Alejandra Vela-Martínez
Assistant Professor of Romance Languages and Literatures (Spanish)
Specializations:
20th-21st Century Mexican Cultural Studies
Transnational mass culture, archives, feminine periodicals and literature
Diasporic and border feminine literature
their reception and preservation throughout Latin American Modernity
Course idea:
Open to collaborating on a topic related to formations of identity and/or popular culture
My research critically examines the construction of symbolic value in Latin American literature and culture, with a particular focus on Mexico, through the lens of Gender, Women, and Sexualities Studies. I explore the creation of symbolic capital using two main approaches: historical research based on archival work with understudied materials, and critical readings informed by reception theory and affect theory to highlight biases in cultural consumption.
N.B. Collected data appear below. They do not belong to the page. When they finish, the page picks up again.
lemma steiner_system_card_extensions:
  assumes S: "steiner_system t (Suc t) Q S" and T: "T \<subseteq> Q" "card T = t"
  shows "card {x \<in> Q - T. insert x T \<in> S} = 1"
proof -
  obtain K where K: "K \<in> S" "T \<subseteq> K" and uniq: "\<And>K'. K' \<in> S \<Longrightarrow> T \<subseteq> K' \<Longrightarrow> K' = K"
    using S T unfolding steiner_system_def by metis
  have "K \<subseteq> Q" "card K = Suc t" using S K unfolding steiner_system_def by auto
  then have "finite K" by (intro card_ge_0_finite) simp
  with K(2) T(2) \<open>card K = Suc t\<close> have "card (K - T) = 1"
    by (simp add: card_Diff_subset finite_subset[OF K(2)])
  then obtain x where x: "K - T = {x}" by (meson card_1_singletonE)
  have "insert x T = K" using x K(2) by blast
  then have "y \<in> Q - T \<and> insert y T \<in> S \<longleftrightarrow> y = x" for y
    using uniq[of "insert y T"] K(1) x \<open>K \<subseteq> Q\<close> by blast
  then show ?thesis by simp
qed

lemma image_eq_iff_traces:
  assumes "A \<inter> B = {}" "\<forall>x\<in>A. p x = x" "p ` B \<subseteq> B" "D \<subseteq> A \<union> B" "K \<subseteq> A \<union> B"
  shows "p ` D = K \<longleftrightarrow> D \<inter> A = K \<inter> A \<and> p ` (D \<inter> B) = K \<inter> B"
proof -
  have "p ` (D \<inter> A) = (\<lambda>x. x) ` (D \<inter> A)" using assms(2) by (intro image_cong) auto
  moreover have "D = (D \<inter> A) \<union> (D \<inter> B)" using assms(4) by blast
  ultimately have image_D: "p ` D = (D \<inter> A) \<union> p ` (D \<inter> B)" by (metis image_Un image_ident)
  have "(D \<inter> A) \<union> P = K \<longleftrightarrow> D \<inter> A = K \<inter> A \<and> P = K \<inter> B" if "P \<subseteq> B" for P
    using that assms(1,5) by blast
  moreover have "p ` (D \<inter> B) \<subseteq> B" using assms(3) by blast
  ultimately show ?thesis unfolding image_D by blast
qed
My analyses question the institutionalized margins of official culture from a gendered perspective.
As a whole, my research questions the Latin American cultural field by examining how different "counter-archives," as I call them in my current book manuscript, illuminate literary and cultural history involving feminine writers and materials. I defend the need, within the Humanities, to celebrate the ways femininity has intervened in the public sphere, while rethinking the limits of what is considered Literature and Culture. This is a necessary step towards a reconceptualization of intellectual history based on feminized aesthetics that uncover numerous female and women writers, editors, and readers formerly excluded from the canon.
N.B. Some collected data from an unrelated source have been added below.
text \<open>Neighborhood corona: vertices Inl w (copy of G) and Inr (w,h) (vertex h of copy H_w).\<close>
definition nbh_corona :: "'a graph \<Rightarrow> 'b graph \<Rightarrow> ('a + ('a \<times> 'b)) graph" where
  "nbh_corona G H =
    (let V = Inl ` verts G \<union> {Inr (w, h) | w h. w \<in> verts G \<and> h \<in> verts H} in
     (V, \<lambda>x y. x \<in> V \<and> y \<in> V \<and>
        (case (x, y) of
           (Inl u, Inl v) \<Rightarrow> adj G u v
         | (Inr (w, h), Inr (w', h')) \<Rightarrow> w = w' \<and> adj H h h'
         | (Inr (w, h), Inl v) \<Rightarrow> adj G w v
         | (Inl v, Inr (w, h)) \<Rightarrow> adj G w v)))"

datatype 'a fssd_vertex = Orig 'a | Sub "'a set" nat

definition edges :: "'a graph \<Rightarrow> 'a set set" where
  "edges G = {{x, y} | x y. x \<in> verts G \<and> y \<in> verts G \<and> adj G x y}"

text \<open>FSSD_m(G): every edge e = xy is replaced by m new vertices Sub e 1, ..., Sub e m,
 each adjacent exactly to x and y; the edge xy itself is deleted.\<close>
definition FSSD :: "nat \<Rightarrow> 'a graph \<Rightarrow> 'a fssd_vertex graph" where
  "FSSD m G =
    (Orig ` verts G \<union> {Sub e k | e k. e \<in> edges G \<and> k \<in> {1..m}},
     \<lambda>x y. (\<exists>v e k. x = Orig v \<and> y = Sub e k \<and> e \<in> edges G \<and> v \<in> e \<and> k \<in> {1..m})
         \<or> (\<exists>v e k. y = Orig v \<and> x = Sub e k \<and> e \<in> edges G \<and> v \<in> e \<and> k \<in> {1..m}))"

end

(*
  If u_i had colour 1, its 3(n - 1) neighbours in the subdivision (on the edges to u_j, v_{j,1}
  and v_{j,2}, j \<noteq> i) would be pairwise at distance 2, so they would need 3(n - 1) > n + 2
  distinct colours. For v_{i,g}, an injective homomorphism K_n \<star> P_2 \<rightarrow> K_n \<star> P_p sending
  v_{1,1} to v_{i,g} pulls the colouring back to FSSD_1(K_n \<star> P_2), because distances cannot
  grow along it. There, for n \<ge> 5, the n neighbours of v_{1,1} and the vertices u_2, ..., u_n
  need 2n - 2 > n + 2 colours, as only colour 2 can be shared between the two groups; for
  n = 3, 4 a verified exhaustive search rules out every colouring.
*)
theory Submission
  imports Defs "HOL-Combinatorics.Transposition"
begin

section \<open>Walks and packing colourings\<close>

lemma relpowp_2_I: "R x y \<Longrightarrow> R y z \<Longrightarrow> (R ^^ 2) x z"
  by (metis One_nat_def numeral_2_eq_2 relpowp_1 relpowp_Suc_I2)

lemma relpowp_hom:
  assumes "\<And>x y. R x y \<Longrightarrow> S (f x) (f y)" and "(R ^^ k) x y"
  shows "(S ^^ k) (f x) (f y)"
  using assms(2)
proof (induction k arbitrary: y)
  case (Suc k)
  then obtain z where "(R ^^ k) x z" "R z y" by (auto elim: relpowp_Suc_E)
  with Suc.IH assms(1) show ?case by (blast intro: relpowp_Suc_I)
qed simp

lemma gdist_le_walk: "(adj H ^^ k) x y \<Longrightarrow> gdist H x y \<le> enat k"
  unfolding gdist_def by (auto intro: Least_le)

lemma packing_coloring_range: "packing_coloring H a c \<Longrightarrow> x \<in> verts H \<Longrightarrow> c x \<in> {1..a}"
  unfolding packing_coloring_def by blast

lemma packing_coloring_walk:
  assumes "packing_coloring H a c" "x \<in> verts H" "y \<in> verts H" "x \<noteq> y" "c x = c y"
    and "(adj H ^^ k) x y"
  shows "c x < k"
proof -
  have "enat (c x) < gdist H x y" using assms(1-5) unfolding packing_coloring_def by blast
  also have "\<dots> \<le> enat k" using assms(6) by (rule gdist_le_walk)
  finally show ?thesis by simp
qed

lemma packing_coloring_inj_on:
  assumes pc: "packing_coloring H a c" and S: "S \<subseteq> verts H" "\<forall>x\<in>S. c x \<noteq> 1"
    and close: "\<And>x y. x \<in> S \<Longrightarrow> y \<in> S \<Longrightarrow> x \<noteq> y \<Longrightarrow> (adj H ^^ 2) x y"
  shows "inj_on c S" and "c ` S \<subseteq> {2..a}"
proof -
  have range: "c x \<in> {2..a}" if "x \<in> S" for x
    using packing_coloring_range[OF pc] S that by fastforce
  show "inj_on c S"
  proof (rule inj_onI, rule ccontr)
    fix x y assume "x \<in> S" "y \<in> S" "c x = c y" "x \<noteq> y"
    with packing_coloring_walk[OF pc] S close have "c x < 2" by blast
    with range \<open>x \<in> S\<close> show False by fastforce
  qed
  show "c ` S \<subseteq> {2..a}" using range by blast
qed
My interests lie at the intersection of Literary History, Women and Gender Studies, and the History of Material Culture. I challenge prevailing feminist historical perspectives that dismiss cultural products as too conservative or patriarchal, advocating for the recognition of diverse forms of feminine participation in the public sphere throughout history. This approach seeks to restore the agency of women and other feminine subjects in shaping their destinies.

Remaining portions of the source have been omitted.